### [TRY IT]
All lines holding the word "noteq" in the listing below need to be copied.

____

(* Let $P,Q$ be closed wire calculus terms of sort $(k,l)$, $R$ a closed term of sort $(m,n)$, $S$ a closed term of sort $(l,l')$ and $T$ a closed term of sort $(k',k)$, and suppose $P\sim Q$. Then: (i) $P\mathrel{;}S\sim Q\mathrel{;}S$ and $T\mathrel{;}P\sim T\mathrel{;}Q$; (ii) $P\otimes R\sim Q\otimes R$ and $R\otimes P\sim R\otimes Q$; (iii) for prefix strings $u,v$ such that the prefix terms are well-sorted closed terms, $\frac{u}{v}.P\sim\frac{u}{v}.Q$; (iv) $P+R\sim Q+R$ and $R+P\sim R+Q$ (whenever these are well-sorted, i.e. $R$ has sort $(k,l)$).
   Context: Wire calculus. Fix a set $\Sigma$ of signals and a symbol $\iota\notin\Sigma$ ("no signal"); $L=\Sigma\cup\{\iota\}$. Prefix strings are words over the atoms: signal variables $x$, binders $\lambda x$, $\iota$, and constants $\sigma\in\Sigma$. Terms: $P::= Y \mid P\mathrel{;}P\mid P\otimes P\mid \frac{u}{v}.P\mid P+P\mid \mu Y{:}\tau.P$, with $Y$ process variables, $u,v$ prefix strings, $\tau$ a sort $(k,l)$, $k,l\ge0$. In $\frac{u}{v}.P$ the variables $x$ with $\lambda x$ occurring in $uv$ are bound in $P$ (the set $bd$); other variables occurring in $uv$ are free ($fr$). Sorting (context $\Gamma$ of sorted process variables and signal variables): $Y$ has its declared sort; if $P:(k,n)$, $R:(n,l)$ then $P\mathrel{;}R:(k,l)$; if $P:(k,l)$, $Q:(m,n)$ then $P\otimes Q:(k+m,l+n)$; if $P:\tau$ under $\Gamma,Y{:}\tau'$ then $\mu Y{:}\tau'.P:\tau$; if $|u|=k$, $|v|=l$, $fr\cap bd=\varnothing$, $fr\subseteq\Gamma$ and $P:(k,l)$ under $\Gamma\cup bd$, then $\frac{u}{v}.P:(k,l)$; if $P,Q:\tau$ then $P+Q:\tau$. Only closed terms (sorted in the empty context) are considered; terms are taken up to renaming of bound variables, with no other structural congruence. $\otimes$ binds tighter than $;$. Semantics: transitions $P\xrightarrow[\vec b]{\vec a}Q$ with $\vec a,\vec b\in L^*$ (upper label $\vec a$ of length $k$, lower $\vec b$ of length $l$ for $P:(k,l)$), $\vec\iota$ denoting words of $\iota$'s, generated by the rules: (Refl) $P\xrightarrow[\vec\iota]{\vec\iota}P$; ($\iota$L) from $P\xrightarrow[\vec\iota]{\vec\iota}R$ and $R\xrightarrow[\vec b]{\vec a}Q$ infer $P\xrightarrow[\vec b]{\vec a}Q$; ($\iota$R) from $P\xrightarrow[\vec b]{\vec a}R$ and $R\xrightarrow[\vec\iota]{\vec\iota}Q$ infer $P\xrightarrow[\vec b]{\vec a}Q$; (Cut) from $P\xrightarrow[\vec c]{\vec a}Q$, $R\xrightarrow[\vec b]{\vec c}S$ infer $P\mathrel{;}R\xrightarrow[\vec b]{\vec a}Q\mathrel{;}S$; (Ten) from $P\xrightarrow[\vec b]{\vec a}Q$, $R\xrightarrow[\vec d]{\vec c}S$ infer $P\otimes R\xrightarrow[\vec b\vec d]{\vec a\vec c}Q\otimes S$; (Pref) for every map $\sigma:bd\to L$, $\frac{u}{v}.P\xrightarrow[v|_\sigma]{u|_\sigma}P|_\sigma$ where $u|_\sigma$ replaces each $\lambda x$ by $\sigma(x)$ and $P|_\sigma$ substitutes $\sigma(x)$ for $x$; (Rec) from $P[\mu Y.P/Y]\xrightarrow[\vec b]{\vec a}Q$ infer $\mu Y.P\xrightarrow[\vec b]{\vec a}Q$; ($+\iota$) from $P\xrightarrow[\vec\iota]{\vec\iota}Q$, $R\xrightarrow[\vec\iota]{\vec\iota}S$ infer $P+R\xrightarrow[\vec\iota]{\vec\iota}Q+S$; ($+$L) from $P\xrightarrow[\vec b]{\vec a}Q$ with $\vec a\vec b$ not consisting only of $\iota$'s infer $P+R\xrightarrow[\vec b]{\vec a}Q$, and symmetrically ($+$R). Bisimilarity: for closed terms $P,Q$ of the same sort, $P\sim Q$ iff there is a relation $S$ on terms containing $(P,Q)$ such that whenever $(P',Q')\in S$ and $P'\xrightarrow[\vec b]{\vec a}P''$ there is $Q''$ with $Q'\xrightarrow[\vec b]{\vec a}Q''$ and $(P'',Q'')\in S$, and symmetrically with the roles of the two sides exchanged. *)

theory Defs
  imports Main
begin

____

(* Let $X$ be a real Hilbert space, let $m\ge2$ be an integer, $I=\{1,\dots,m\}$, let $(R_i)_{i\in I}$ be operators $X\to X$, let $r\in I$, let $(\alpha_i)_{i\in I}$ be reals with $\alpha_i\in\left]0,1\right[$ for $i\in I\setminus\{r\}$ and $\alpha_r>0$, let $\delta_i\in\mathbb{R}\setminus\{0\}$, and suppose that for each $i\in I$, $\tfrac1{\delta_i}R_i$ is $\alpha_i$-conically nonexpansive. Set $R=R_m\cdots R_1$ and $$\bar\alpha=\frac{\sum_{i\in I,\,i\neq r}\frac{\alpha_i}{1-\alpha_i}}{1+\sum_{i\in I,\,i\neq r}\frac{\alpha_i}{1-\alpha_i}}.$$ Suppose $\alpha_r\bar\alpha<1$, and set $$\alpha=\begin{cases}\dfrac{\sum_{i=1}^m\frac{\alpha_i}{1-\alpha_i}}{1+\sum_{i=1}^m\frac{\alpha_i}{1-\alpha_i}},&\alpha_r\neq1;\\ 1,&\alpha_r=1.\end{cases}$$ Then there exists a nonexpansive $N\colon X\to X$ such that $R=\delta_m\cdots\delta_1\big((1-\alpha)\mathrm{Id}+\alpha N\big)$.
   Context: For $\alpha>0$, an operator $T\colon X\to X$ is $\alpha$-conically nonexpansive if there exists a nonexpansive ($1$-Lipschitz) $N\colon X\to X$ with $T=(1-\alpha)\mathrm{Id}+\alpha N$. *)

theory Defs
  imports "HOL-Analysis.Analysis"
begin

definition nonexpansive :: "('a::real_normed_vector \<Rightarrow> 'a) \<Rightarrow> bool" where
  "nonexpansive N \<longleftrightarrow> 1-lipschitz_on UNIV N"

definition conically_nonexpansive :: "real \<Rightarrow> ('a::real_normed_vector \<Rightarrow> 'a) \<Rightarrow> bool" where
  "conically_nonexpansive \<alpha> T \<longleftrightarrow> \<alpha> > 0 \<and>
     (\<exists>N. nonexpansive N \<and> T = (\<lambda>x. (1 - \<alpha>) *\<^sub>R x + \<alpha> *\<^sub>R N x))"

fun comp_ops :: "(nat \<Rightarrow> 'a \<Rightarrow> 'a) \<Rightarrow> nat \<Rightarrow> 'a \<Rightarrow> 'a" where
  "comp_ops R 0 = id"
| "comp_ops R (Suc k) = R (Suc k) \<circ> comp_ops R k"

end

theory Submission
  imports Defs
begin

____

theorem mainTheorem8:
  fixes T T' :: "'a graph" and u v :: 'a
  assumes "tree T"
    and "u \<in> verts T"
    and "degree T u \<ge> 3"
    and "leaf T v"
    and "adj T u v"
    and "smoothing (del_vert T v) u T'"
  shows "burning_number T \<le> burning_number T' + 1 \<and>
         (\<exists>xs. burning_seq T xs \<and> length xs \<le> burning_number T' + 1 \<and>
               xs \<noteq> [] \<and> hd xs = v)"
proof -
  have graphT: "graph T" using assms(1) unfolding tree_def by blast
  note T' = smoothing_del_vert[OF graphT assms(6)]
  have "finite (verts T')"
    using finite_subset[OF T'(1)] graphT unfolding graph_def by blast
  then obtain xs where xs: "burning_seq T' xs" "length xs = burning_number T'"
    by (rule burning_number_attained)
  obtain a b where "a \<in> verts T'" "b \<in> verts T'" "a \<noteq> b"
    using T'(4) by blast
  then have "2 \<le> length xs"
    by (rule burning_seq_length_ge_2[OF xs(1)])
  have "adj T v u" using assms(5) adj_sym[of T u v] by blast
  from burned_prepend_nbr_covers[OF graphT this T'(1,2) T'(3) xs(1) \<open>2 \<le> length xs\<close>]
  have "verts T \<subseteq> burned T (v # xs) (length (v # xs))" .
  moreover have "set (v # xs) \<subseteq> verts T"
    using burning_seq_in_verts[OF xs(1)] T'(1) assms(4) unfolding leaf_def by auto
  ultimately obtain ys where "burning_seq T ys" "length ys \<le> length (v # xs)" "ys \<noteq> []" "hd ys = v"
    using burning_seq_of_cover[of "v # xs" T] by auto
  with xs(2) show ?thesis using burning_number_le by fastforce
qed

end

____

### [SOLUTION BELOW]
               xs \<noteq> [] \<and> hd xs = v)"
  obtain a b where "a \<in> verts T'" "b \<in> verts T'" "a \<noteq> b"
  ultimately obtain ys where "burning_seq T ys" "length ys \<le> length (v # xs)" "ys \<noteq> []" "hd ys = v"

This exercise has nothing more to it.